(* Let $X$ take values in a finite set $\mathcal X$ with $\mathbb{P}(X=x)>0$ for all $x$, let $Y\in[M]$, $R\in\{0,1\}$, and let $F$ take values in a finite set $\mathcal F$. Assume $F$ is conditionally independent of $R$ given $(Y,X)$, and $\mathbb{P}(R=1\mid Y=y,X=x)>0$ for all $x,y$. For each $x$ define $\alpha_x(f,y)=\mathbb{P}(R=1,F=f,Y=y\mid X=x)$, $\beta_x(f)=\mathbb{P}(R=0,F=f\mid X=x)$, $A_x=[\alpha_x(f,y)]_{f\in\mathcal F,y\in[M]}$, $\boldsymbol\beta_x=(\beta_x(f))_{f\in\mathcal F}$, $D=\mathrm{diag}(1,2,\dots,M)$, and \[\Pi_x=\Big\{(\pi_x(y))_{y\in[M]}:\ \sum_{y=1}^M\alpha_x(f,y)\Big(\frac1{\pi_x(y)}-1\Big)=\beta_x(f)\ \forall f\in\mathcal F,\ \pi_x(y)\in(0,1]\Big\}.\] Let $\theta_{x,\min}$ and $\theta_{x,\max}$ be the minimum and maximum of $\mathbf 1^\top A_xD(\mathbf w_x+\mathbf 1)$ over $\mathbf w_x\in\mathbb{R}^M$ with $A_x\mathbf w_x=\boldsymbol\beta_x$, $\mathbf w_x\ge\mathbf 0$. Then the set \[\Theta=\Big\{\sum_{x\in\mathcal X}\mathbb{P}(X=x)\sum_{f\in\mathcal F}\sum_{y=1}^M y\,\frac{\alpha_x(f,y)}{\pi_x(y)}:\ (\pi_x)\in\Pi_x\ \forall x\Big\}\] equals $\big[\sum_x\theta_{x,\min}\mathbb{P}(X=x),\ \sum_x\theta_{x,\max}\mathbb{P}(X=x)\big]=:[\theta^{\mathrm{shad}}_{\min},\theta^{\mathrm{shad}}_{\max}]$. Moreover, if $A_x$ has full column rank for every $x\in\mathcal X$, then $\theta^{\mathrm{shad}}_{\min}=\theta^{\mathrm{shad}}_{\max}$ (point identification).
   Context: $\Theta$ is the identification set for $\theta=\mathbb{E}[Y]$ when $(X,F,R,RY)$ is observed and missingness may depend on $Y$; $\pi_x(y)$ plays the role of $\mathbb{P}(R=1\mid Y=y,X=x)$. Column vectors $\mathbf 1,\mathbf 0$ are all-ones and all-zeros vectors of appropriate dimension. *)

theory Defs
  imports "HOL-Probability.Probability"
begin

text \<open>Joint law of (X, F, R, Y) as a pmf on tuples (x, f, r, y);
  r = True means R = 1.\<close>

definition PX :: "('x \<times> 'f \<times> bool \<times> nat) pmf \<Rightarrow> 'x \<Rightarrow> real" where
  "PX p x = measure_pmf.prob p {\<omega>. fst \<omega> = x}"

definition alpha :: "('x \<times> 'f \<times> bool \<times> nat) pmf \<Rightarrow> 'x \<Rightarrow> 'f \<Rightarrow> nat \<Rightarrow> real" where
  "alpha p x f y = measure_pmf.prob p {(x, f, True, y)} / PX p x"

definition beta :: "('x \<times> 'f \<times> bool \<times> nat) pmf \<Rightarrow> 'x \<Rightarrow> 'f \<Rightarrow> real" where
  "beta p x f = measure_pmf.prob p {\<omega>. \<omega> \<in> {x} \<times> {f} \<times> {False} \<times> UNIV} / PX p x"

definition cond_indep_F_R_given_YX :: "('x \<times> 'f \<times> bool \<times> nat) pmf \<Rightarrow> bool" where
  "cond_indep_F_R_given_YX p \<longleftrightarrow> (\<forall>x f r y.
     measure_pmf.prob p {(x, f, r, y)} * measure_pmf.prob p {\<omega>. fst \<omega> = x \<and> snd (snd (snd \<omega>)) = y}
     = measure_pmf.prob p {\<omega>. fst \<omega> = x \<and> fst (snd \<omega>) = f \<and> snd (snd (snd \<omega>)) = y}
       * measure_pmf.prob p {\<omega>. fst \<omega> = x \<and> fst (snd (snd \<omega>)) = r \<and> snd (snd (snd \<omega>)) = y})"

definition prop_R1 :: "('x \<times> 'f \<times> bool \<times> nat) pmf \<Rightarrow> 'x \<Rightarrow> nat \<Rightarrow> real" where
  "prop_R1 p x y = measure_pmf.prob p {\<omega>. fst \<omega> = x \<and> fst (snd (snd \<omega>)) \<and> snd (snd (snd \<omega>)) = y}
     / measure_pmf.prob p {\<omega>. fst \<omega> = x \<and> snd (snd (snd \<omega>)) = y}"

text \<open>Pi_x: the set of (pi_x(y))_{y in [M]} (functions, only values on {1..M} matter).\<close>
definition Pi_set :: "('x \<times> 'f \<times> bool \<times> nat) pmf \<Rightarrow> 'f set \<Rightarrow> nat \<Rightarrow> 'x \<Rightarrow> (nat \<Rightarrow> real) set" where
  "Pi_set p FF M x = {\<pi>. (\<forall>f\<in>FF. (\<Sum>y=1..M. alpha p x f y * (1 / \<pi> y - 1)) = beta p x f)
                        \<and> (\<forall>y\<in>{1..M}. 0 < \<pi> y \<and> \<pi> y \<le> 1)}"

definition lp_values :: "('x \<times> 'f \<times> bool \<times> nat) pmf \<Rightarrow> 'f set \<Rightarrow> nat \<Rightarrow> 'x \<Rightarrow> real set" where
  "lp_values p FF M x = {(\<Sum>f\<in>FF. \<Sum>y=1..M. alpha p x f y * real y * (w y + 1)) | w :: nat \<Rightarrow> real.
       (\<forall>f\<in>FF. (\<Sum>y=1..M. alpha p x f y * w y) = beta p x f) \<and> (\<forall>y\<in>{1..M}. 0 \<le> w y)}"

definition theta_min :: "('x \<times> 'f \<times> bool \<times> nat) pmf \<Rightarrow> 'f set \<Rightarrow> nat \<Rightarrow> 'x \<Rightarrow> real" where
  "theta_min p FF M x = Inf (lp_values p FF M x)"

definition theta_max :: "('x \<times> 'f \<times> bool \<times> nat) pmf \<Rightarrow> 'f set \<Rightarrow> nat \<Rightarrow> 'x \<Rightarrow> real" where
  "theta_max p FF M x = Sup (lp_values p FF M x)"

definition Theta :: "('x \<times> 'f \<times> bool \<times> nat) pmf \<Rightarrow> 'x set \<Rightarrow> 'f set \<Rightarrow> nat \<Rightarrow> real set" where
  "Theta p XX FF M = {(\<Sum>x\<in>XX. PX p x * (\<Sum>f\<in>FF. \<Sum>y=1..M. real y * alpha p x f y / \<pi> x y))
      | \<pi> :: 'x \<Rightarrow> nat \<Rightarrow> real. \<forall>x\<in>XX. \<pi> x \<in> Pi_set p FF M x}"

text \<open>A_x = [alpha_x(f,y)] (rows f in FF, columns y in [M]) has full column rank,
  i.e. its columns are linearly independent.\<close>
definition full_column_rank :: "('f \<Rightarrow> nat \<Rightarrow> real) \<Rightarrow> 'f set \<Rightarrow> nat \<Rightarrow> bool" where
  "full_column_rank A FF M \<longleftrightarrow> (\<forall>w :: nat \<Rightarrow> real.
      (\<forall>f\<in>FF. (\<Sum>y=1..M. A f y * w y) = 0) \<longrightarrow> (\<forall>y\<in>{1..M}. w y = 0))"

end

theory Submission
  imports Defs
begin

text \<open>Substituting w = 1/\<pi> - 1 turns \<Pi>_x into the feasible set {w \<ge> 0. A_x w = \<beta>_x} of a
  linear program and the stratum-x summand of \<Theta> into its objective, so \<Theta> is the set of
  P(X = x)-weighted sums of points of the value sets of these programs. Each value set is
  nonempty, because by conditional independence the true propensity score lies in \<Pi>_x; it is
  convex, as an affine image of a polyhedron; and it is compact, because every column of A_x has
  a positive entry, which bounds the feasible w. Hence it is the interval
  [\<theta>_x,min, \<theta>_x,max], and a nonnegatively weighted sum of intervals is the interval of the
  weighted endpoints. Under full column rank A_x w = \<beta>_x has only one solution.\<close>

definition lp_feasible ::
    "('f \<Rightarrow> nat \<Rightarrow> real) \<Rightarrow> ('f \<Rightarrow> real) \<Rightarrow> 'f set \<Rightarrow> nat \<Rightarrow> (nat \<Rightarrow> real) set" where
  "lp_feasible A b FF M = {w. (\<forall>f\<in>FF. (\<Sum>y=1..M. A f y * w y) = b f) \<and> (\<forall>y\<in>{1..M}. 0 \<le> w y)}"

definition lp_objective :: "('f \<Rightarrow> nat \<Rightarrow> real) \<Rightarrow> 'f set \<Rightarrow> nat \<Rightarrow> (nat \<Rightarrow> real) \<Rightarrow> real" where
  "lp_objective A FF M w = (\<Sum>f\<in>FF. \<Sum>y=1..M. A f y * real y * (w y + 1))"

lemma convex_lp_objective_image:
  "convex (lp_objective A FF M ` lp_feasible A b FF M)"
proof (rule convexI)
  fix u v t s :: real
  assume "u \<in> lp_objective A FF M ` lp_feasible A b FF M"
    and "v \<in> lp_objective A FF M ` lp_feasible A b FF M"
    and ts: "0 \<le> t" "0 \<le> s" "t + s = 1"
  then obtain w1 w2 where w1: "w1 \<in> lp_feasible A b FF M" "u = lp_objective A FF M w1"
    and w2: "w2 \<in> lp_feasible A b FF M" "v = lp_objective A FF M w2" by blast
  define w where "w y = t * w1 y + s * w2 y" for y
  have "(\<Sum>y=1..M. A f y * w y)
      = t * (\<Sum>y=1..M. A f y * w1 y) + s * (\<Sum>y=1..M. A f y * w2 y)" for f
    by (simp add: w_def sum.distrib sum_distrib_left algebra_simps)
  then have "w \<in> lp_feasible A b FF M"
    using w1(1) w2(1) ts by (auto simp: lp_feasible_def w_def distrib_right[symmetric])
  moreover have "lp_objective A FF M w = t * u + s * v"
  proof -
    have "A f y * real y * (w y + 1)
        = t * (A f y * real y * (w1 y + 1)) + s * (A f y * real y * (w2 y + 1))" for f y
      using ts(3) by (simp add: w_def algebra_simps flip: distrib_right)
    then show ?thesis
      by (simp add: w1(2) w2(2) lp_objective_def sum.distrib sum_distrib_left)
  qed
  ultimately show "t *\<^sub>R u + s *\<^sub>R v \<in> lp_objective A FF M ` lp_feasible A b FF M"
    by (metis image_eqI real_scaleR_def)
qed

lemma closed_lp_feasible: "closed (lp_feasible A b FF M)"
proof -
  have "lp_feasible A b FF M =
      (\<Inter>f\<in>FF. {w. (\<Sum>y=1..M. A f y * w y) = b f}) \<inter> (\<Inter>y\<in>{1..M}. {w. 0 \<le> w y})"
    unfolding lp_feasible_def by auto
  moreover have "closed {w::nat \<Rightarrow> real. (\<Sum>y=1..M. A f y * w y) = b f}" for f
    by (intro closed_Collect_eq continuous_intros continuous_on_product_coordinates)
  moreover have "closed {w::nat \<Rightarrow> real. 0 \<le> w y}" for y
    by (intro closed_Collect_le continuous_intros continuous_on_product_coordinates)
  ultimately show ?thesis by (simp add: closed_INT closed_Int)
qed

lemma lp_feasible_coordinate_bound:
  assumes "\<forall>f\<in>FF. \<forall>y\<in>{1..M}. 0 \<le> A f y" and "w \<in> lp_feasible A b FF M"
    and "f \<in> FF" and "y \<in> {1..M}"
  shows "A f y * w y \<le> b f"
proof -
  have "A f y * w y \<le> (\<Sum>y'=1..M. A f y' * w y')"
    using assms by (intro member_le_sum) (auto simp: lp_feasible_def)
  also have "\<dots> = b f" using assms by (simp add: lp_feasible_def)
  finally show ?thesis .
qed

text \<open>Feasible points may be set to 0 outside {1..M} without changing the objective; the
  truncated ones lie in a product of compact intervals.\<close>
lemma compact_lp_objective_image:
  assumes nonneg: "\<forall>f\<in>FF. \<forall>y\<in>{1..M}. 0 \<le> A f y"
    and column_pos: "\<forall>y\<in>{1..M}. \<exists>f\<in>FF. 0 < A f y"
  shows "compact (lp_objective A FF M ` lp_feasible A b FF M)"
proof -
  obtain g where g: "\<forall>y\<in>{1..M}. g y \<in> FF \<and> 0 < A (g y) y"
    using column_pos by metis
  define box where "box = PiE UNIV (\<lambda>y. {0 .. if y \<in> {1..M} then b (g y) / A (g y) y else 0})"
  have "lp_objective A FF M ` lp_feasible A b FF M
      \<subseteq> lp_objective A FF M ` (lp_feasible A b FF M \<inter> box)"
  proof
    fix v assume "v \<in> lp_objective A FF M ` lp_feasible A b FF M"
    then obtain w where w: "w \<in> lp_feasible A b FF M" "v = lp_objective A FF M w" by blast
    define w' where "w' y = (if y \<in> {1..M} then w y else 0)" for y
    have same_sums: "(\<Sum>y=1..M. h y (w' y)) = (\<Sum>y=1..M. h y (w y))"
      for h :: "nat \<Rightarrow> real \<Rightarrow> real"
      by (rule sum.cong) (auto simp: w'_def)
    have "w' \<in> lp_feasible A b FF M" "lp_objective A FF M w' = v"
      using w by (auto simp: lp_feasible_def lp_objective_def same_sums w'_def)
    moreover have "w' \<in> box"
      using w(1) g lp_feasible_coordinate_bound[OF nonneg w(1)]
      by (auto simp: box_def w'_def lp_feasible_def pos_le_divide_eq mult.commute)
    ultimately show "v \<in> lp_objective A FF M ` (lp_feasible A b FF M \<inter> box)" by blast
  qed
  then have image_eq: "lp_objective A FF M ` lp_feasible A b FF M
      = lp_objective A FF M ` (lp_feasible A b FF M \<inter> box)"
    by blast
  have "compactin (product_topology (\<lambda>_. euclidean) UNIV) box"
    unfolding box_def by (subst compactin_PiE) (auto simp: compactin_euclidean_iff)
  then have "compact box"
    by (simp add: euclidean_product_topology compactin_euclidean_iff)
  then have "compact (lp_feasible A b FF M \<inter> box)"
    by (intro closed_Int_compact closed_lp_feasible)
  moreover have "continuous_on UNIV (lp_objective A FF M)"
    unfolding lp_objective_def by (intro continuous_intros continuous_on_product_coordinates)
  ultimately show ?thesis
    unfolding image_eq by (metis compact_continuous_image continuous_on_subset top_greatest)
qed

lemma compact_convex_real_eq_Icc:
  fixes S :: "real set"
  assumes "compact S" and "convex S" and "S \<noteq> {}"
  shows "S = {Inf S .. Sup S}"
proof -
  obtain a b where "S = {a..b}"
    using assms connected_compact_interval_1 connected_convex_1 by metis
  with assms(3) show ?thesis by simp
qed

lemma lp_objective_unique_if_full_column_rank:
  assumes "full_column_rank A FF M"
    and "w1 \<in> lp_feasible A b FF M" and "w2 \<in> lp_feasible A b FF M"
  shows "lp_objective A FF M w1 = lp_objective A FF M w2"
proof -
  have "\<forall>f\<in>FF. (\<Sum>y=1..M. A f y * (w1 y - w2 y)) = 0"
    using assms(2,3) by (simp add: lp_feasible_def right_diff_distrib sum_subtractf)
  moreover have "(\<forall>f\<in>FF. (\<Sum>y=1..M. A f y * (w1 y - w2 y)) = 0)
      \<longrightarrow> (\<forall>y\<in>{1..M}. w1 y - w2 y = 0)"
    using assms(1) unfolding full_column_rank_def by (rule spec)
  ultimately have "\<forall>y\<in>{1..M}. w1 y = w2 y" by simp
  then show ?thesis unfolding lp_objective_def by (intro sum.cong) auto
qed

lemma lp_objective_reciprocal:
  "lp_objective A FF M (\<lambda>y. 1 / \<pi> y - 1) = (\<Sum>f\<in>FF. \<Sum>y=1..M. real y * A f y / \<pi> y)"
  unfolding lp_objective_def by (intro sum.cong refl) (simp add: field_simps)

----------

Directions for this task:
All lines of the records above with the word "shows" in them are to be copied.

Exercise solution:
  shows "A f y * w y \<le> b f"
  shows "compact (lp_objective A FF M ` lp_feasible A b FF M)"
  shows "S = {Inf S .. Sup S}"
  shows "lp_objective A FF M w1 = lp_objective A FF M w2"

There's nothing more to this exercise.